What the exercise asks: Copy each line of the records below that has "matrices" in it.

Records shown:
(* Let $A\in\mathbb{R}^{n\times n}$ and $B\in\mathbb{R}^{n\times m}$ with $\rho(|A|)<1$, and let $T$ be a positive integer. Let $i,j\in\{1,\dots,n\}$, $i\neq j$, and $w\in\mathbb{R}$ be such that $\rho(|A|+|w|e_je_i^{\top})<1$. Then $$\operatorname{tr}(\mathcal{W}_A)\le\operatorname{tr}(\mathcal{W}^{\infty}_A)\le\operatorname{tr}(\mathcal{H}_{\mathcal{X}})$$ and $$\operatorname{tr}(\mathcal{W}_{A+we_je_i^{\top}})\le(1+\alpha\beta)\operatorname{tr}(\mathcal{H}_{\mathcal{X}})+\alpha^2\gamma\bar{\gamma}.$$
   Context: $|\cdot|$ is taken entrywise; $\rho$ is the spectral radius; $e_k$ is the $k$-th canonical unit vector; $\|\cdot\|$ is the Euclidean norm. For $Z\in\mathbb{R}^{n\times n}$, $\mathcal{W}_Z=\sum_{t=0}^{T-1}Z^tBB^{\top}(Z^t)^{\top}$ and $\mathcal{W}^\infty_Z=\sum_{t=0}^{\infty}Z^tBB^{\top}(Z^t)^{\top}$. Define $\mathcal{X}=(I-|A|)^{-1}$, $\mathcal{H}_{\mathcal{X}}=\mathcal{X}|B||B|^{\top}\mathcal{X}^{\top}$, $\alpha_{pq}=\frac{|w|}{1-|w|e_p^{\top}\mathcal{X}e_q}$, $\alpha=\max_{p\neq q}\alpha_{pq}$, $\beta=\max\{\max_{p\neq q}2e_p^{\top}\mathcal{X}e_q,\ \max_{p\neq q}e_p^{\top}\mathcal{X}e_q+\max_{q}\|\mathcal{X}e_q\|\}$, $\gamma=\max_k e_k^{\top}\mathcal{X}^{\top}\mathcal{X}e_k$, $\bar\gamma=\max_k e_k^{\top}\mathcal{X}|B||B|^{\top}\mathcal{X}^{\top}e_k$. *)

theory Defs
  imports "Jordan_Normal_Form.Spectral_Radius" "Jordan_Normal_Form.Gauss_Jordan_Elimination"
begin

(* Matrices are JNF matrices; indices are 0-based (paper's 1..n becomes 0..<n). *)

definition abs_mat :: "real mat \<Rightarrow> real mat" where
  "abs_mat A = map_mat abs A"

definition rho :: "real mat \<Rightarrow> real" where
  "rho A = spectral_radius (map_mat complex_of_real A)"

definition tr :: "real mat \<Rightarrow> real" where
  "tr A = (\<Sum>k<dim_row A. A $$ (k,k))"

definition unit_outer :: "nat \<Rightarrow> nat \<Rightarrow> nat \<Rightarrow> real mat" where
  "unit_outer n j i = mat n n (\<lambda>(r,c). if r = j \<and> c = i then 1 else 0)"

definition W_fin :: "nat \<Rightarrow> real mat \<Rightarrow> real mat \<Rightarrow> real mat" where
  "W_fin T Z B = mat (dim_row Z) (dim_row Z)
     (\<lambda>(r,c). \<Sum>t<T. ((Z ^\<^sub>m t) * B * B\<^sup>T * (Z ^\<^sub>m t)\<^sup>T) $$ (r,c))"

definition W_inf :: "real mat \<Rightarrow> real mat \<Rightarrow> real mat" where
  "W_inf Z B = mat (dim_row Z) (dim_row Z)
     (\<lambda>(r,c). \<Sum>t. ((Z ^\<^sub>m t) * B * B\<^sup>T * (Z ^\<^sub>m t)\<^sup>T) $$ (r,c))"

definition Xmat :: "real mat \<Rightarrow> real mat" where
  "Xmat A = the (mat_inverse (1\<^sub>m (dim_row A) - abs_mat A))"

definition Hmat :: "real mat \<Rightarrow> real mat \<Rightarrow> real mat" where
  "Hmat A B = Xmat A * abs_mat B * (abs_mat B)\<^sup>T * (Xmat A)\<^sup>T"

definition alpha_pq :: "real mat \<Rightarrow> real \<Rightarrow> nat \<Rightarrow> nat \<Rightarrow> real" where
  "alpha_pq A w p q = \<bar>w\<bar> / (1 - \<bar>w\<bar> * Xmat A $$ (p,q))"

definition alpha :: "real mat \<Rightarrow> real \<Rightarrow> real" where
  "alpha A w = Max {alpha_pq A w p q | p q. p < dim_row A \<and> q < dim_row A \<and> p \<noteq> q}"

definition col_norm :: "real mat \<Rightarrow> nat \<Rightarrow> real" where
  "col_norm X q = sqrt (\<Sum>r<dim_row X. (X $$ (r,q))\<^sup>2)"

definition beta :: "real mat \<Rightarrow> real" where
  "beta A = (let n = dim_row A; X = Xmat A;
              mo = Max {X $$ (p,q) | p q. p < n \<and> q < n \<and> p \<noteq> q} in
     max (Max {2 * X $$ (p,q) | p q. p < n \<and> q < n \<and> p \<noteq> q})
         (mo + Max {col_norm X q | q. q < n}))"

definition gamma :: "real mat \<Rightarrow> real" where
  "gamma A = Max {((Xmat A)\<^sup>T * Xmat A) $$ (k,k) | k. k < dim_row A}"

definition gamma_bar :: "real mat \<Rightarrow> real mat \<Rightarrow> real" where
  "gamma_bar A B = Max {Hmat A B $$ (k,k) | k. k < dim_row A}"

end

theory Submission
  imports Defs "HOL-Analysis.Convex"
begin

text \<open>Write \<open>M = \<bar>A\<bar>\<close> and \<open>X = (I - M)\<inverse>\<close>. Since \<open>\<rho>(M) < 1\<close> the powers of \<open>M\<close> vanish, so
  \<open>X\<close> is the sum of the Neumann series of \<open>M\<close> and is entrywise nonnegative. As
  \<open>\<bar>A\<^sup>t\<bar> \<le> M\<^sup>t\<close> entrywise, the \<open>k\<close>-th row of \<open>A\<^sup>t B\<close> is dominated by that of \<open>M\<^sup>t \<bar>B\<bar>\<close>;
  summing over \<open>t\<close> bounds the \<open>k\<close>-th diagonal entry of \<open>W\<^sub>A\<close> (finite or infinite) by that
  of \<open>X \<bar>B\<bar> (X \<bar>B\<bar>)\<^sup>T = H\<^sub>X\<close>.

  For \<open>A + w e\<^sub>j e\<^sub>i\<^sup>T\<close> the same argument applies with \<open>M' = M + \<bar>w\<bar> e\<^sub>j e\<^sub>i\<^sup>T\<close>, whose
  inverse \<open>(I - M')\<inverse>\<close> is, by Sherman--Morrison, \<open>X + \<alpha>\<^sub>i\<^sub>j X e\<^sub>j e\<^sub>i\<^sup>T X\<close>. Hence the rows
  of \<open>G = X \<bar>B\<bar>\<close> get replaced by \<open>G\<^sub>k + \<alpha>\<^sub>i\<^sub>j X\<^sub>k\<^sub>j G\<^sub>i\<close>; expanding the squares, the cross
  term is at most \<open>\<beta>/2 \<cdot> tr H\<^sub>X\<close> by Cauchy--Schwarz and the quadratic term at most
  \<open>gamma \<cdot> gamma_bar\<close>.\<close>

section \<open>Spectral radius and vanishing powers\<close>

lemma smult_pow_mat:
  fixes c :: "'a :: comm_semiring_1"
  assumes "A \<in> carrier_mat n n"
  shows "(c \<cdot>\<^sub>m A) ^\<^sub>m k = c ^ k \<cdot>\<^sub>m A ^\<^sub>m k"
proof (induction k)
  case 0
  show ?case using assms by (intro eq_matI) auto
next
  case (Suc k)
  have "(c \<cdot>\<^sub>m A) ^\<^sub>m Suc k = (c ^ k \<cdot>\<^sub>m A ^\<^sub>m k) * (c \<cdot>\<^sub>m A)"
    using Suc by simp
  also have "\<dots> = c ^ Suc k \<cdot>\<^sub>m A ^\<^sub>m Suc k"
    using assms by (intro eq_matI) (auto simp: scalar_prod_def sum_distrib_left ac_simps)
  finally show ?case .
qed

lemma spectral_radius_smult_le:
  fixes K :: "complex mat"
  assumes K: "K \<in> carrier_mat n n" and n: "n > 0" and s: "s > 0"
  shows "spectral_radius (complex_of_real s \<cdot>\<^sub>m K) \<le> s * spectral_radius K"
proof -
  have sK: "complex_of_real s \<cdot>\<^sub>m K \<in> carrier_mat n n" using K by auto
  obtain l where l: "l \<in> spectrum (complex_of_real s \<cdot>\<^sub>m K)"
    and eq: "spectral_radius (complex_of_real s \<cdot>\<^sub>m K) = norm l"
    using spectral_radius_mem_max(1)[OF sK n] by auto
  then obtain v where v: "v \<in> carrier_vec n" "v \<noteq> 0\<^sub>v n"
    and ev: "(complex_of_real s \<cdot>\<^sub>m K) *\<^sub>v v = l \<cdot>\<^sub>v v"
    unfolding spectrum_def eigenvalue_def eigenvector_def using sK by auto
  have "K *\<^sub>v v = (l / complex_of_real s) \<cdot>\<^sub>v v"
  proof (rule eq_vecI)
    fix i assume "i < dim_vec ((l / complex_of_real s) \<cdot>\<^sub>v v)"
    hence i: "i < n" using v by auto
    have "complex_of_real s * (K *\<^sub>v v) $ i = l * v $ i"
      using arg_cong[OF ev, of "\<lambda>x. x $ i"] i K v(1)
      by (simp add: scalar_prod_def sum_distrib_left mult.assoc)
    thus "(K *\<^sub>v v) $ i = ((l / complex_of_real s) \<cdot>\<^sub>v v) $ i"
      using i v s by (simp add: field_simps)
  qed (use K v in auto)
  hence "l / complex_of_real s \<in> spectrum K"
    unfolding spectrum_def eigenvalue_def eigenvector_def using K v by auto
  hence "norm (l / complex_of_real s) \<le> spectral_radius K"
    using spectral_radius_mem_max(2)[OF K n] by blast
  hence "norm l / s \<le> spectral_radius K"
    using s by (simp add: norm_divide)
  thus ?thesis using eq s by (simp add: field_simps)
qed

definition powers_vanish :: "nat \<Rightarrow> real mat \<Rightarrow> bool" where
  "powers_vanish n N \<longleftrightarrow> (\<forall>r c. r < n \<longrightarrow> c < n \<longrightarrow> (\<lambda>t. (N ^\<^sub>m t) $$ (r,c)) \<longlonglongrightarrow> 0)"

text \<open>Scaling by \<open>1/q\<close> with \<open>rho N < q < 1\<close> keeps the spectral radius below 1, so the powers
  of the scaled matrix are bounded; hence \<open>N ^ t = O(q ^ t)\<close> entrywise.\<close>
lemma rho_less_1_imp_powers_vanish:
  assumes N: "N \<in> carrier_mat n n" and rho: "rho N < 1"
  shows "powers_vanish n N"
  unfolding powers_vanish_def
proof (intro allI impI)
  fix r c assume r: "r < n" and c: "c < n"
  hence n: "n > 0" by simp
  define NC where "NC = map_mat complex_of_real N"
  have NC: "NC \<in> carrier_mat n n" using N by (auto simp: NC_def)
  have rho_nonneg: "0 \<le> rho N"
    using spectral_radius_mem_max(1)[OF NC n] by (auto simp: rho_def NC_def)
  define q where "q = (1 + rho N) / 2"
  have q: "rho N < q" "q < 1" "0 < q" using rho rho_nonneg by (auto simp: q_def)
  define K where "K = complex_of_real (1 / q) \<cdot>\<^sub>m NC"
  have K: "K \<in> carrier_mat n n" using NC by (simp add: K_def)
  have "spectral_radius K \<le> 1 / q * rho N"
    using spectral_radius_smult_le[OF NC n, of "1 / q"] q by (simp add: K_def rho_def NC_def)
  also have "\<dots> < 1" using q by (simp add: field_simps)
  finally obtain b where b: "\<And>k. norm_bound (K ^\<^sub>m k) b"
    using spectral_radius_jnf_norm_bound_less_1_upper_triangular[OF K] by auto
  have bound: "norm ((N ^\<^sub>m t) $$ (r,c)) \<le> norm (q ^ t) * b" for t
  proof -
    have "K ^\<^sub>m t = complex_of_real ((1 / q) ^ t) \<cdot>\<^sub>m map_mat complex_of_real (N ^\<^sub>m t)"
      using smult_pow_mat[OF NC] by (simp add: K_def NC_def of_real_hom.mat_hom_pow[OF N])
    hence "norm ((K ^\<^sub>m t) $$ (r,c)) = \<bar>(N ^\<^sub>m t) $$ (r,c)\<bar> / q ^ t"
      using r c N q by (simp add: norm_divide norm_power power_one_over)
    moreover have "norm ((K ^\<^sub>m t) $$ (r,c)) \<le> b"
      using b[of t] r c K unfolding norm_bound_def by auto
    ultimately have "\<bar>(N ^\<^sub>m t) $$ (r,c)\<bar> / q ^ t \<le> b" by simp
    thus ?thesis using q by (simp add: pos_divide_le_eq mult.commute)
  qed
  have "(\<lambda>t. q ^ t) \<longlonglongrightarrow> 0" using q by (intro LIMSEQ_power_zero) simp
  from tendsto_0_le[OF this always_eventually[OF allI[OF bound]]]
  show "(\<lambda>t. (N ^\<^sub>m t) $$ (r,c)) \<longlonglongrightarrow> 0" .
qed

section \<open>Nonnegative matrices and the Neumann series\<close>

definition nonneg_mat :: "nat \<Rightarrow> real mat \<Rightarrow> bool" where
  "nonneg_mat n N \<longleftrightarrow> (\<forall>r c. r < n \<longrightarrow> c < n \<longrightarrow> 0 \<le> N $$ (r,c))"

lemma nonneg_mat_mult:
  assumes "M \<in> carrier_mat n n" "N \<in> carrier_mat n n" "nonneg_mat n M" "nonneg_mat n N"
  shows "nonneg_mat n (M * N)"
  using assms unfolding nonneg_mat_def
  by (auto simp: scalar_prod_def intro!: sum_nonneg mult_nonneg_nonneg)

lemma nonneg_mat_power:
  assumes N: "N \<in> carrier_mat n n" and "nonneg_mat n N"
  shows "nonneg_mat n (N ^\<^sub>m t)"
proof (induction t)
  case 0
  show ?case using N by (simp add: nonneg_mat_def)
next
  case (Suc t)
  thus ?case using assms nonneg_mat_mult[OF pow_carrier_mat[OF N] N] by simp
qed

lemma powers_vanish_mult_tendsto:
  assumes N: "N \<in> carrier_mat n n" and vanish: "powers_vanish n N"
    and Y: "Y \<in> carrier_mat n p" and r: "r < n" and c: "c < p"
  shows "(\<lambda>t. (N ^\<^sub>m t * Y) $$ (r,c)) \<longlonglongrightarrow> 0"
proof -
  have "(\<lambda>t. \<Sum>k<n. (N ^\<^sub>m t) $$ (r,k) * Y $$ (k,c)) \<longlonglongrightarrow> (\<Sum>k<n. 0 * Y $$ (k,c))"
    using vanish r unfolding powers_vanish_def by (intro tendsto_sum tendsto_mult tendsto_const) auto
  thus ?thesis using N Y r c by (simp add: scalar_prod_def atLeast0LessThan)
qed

Worked solution:
(* Matrices are JNF matrices; indices are 0-based (paper's 1..n becomes 0..<n). *)
section \<open>Nonnegative matrices and the Neumann series\<close>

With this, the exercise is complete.